**Goal of the exercise:** Could you filter the records below and return each line that holds "where"?

----- Records for this task

text \<open>Summing the jump increments against the rates leaves \<open>\<Sum>\<^sub>x \<eta>\<^sub>x (N - \<eta>\<^sub>x) \<Delta>\<^sup>2G\<close>, which is the
  diffusion part, plus \<open>d (L - 1)\<close> and \<open>d\<close> times first-order sums; since \<open>d L \<approx> \<theta>\<close> these
  produce the immigration term \<open>\<theta> (G'(0) - \<mu>\<^sup>(\<^sup>\<eta>\<^sup>)(G'))\<close>.\<close>

lemma jump_sum_diff_approx_drift:
  assumes d: "0 \<le> d"
  shows "\<bar>jump_sum L d eta (jump_incr G N eta)
      - (emp L N eta (\<lambda>z. (1 - z) * G2 z - \<theta> * G1 z) + \<theta> * G1 0)\<bar> \<le> 3 * M * error_rate \<theta> L N d"
proof -
  define P where "P = (\<Sum>x<L. real (eta x) * (real N - real (eta x)) * (diff_down G N (eta x) + diff_up G N (eta x)))"
  define Q where "Q = (\<Sum>x<L. real (eta x) / real N * (1 - real (eta x) / real N) * G2 (real (eta x) / real N))"
  define X where "X = (\<Sum>x<L. real (eta x) * diff_down G N (eta x))"
  define Y where "Y = (\<Sum>x<L. (real N - real (eta x)) * diff_up G N (eta x))"
  define Z where "Z = (\<Sum>x<L. (1 - real (eta x) / real N) * G1 (real (eta x) / real N))"
  define S where "S = emp L N eta G1"
  have split: "jump_sum L d eta (jump_incr G N eta) = P + d * (real L - 1) * X + d * Y"
    using jump_sum_separable[OF eta N] by (simp add: jump_incr_def[abs_def] P_def X_def Y_def)
  have target: "emp L N eta (\<lambda>z. (1 - z) * G2 z - \<theta> * G1 z) + \<theta> * G1 0 = Q - \<theta> * S + \<theta> * G1 0"
    by (simp add: emp_def Q_def S_def sum_subtractf sum_distrib_left sum.distrib algebra_simps)
  have dL: "0 \<le> d * (real L - 1)" "d * (real L - 1) \<le> d * real L"
    using Omega_pos_sites[OF eta N] d by (simp, simp add: right_diff_distrib)
  have "P + d * (real L - 1) * X + d * Y - (Q - \<theta> * S + \<theta> * G1 0) =
      (P - Q) + d * (real L - 1) * (X + S) - (d * (real L - 1) - \<theta>) * S
      + d * (Y - Z) + d * (Z - real L * G1 0) + (d * real L - \<theta>) * G1 0"
    by (simp add: algebra_simps)
  moreover have "\<bar>d * (real L - 1) * (X + S)\<bar> \<le> d * real L * (M / real N)"
    unfolding abs_mult[of "d * (real L - 1)"] abs_of_nonneg[OF dL(1)]
    using dL d sum_occupied_diff_down_approx Omega_pos_sites[OF eta N]
    by (intro mult_mono) (auto simp: X_def S_def)
  moreover have "\<bar>(d * (real L - 1) - \<theta>) * S\<bar> \<le> (\<bar>d * real L - \<theta>\<bar> + d) * M"
    unfolding abs_mult S_def using abs_emp_le[OF eta N bound1] d by (intro mult_mono) (auto simp: algebra_simps)
  moreover have "\<bar>d * (Y - Z)\<bar> \<le> d * (real L * M / real N)"
    unfolding abs_mult abs_of_nonneg[OF d] using sum_vacant_diff_up_approx d
    by (intro mult_left_mono) (auto simp: Y_def Z_def)
  moreover have "\<bar>d * (Z - real L * G1 0)\<bar> \<le> d * (2 * M)"
    unfolding abs_mult abs_of_nonneg[OF d] using sum_one_minus_mult_deriv_approx d
    by (intro mult_left_mono) (auto simp: Z_def)
  moreover have "\<bar>(d * real L - \<theta>) * G1 0\<bar> \<le> \<bar>d * real L - \<theta>\<bar> * M"
    unfolding abs_mult by (intro mult_left_mono) (auto simp: bound1)
  ultimately have "\<bar>P + d * (real L - 1) * X + d * Y - (Q - \<theta> * S + \<theta> * G1 0)\<bar>
      \<le> 2 * M / real N + d * real L * (M / real N) + (\<bar>d * real L - \<theta>\<bar> + d) * M
        + d * (real L * M / real N) + d * (2 * M) + \<bar>d * real L - \<theta>\<bar> * M"
    using sum_occupied_diff_down_up_approx unfolding P_def[symmetric] Q_def[symmetric] by (smt (verit))
  also have "\<dots> = M * (2 / real N + 2 * \<bar>d * real L - \<theta>\<bar> + 3 * d + 2 * (d * real L / real N))"
    by (simp add: algebra_simps)
  also have "\<dots> \<le> M * (3 * error_rate \<theta> L N d)"
    using one_le_bound d by (intro mult_left_mono) (auto simp: error_rate_def divide_inverse)
  finally show ?thesis unfolding split target by (simp add: mult_ac)
qed

end

end

section \<open>The second-order part of the generator\<close>

lemma jump_sum_deriv_diff_product:
  fixes ga gb :: "real \<Rightarrow> real"
  assumes ga: "\<And>z. z \<in> {0..1} \<Longrightarrow> \<bar>ga z\<bar> \<le> M" and gb: "\<And>z. z \<in> {0..1} \<Longrightarrow> \<bar>gb z\<bar> \<le> M"
    and eta: "eta \<in> Omega L N" and N: "0 < N" and d: "0 \<le> d"
  shows "\<bar>jump_sum L d eta (\<lambda>x y. (ga (real (eta y) / real N) - ga (real (eta x) / real N)) / real N
        * ((gb (real (eta y) / real N) - gb (real (eta x) / real N)) / real N))
      - 2 * (emp L N eta (\<lambda>z. ga z * gb z) - emp L N eta ga * emp L N eta gb)\<bar>
    \<le> 4 * M^2 * (d * real L / real N)"
proof -
  define u where "u x = real (eta x) / real N" for x
  define A where "A g x y = (g (u y) - g (u x)) / real N" for g :: "real \<Rightarrow> real" and x y
  have Nr: "0 < real N" using N by simp
  have u01: "x < L \<Longrightarrow> u x \<in> {0..1}" for x using Omega_density_in_unit_interval[OF eta N] by (simp add: u_def)
  have "jump_sum L d eta (\<lambda>x y. A ga x y * A gb x y)
      = (\<Sum>x<L. \<Sum>y<L. u x * u y * ((ga (u y) - ga (u x)) * (gb (u y) - gb (u x))))
        + d * (\<Sum>x<L. \<Sum>y<L. if x \<noteq> y then real (eta x) * (A ga x y * A gb x y) else 0)"
    unfolding jump_sum_def sum_distrib_left sum.distrib[symmetric]
    using Nr by (intro sum.cong refl) (auto simp: A_def u_def field_simps power2_eq_square)
  also have "(\<Sum>x<L. \<Sum>y<L. u x * u y * ((ga (u y) - ga (u x)) * (gb (u y) - gb (u x))))
      = 2 * (emp L N eta (\<lambda>z. ga z * gb z) - emp L N eta ga * emp L N eta gb)"
    using double_sum_product_of_differences[of u "{..<L}"] Omega_density_sum[OF eta N]
    by (simp add: emp_def u_def)
  finally have split: "jump_sum L d eta (\<lambda>x y. A ga x y * A gb x y)
      - 2 * (emp L N eta (\<lambda>z. ga z * gb z) - emp L N eta ga * emp L N eta gb)
      = d * (\<Sum>x<L. \<Sum>y<L. if x \<noteq> y then real (eta x) * (A ga x y * A gb x y) else 0)" by simp
  have "\<bar>(\<Sum>x<L. \<Sum>y<L. if x \<noteq> y then real (eta x) * (A ga x y * A gb x y) else 0) - (\<Sum>x<L. \<Sum>y<L. 0)\<bar>
      \<le> (\<Sum>x<L. \<Sum>y<L. real (eta x) * (4 * M^2 / real N ^ 2))"
  proof (intro abs_sum_diff_le order_trans[OF _ abs_sum_diff_le])
    fix x y assume "x \<in> {..<L}" "y \<in> {..<L}"
    then have "\<bar>ga (u y) - ga (u x)\<bar> \<le> 2 * M" "\<bar>gb (u y) - gb (u x)\<bar> \<le> 2 * M"
      using ga[OF u01[of x]] ga[OF u01[of y]] gb[OF u01[of x]] gb[OF u01[of y]] by auto
    then have "\<bar>A ga x y\<bar> \<le> 2 * M / real N" "\<bar>A gb x y\<bar> \<le> 2 * M / real N"
      using Nr by (auto simp: A_def abs_divide intro: divide_right_mono)
    then have "\<bar>A ga x y * A gb x y\<bar> \<le> (2 * M / real N) * (2 * M / real N)"
      unfolding abs_mult by (intro mult_mono) auto
    also have "\<dots> = 4 * M^2 / real N ^ 2" by (simp add: power2_eq_square)
    finally have "real (eta x) * \<bar>A ga x y * A gb x y\<bar> \<le> real (eta x) * (4 * M^2 / real N ^ 2)"
      by (rule mult_left_mono) simp
    then show "\<bar>(if x \<noteq> y then real (eta x) * (A ga x y * A gb x y) else 0) - 0\<bar>
        \<le> real (eta x) * (4 * M^2 / real N ^ 2)"
      by (simp add: abs_mult)
  qed
  also have "\<dots> = (\<Sum>x<L. real (eta x)) * (real L * (4 * M^2 / real N ^ 2))"
    by (simp add: sum_distrib_left sum_distrib_right sum_divide_distrib mult_ac)
  also have "\<dots> = 4 * M^2 * real L / real N"
    using Omega_sum[OF eta N] Nr by (simp add: power2_eq_square)
  finally have "\<bar>d * (\<Sum>x<L. \<Sum>y<L. if x \<noteq> y then real (eta x) * (A ga x y * A gb x y) else 0)\<bar>
      \<le> d * (4 * M^2 * real L / real N)"
    unfolding abs_mult abs_of_nonneg[OF d] using d by (intro mult_left_mono) simp_all
  then have "\<bar>jump_sum L d eta (\<lambda>x y. A ga x y * A gb x y)
      - 2 * (emp L N eta (\<lambda>z. ga z * gb z) - emp L N eta ga * emp L N eta gb)\<bar> \<le> 4 * M^2 * (d * real L / real N)"
    unfolding split by (simp add: mult_ac)
  then show ?thesis unfolding A_def u_def .
qed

----------

**Task output:**
  define P where "P = (\<Sum>x<L. real (eta x) * (real N - real (eta x)) * (diff_down G N (eta x) + diff_up G N (eta x)))"
  define Q where "Q = (\<Sum>x<L. real (eta x) / real N * (1 - real (eta x) / real N) * G2 (real (eta x) / real N))"
  define X where "X = (\<Sum>x<L. real (eta x) * diff_down G N (eta x))"
  define Y where "Y = (\<Sum>x<L. (real N - real (eta x)) * diff_up G N (eta x))"
  define Z where "Z = (\<Sum>x<L. (1 - real (eta x) / real N) * G1 (real (eta x) / real N))"
  define S where "S = emp L N eta G1"
  define u where "u x = real (eta x) / real N" for x
  define A where "A g x y = (g (u y) - g (u x)) / real N" for g :: "real \<Rightarrow> real" and x y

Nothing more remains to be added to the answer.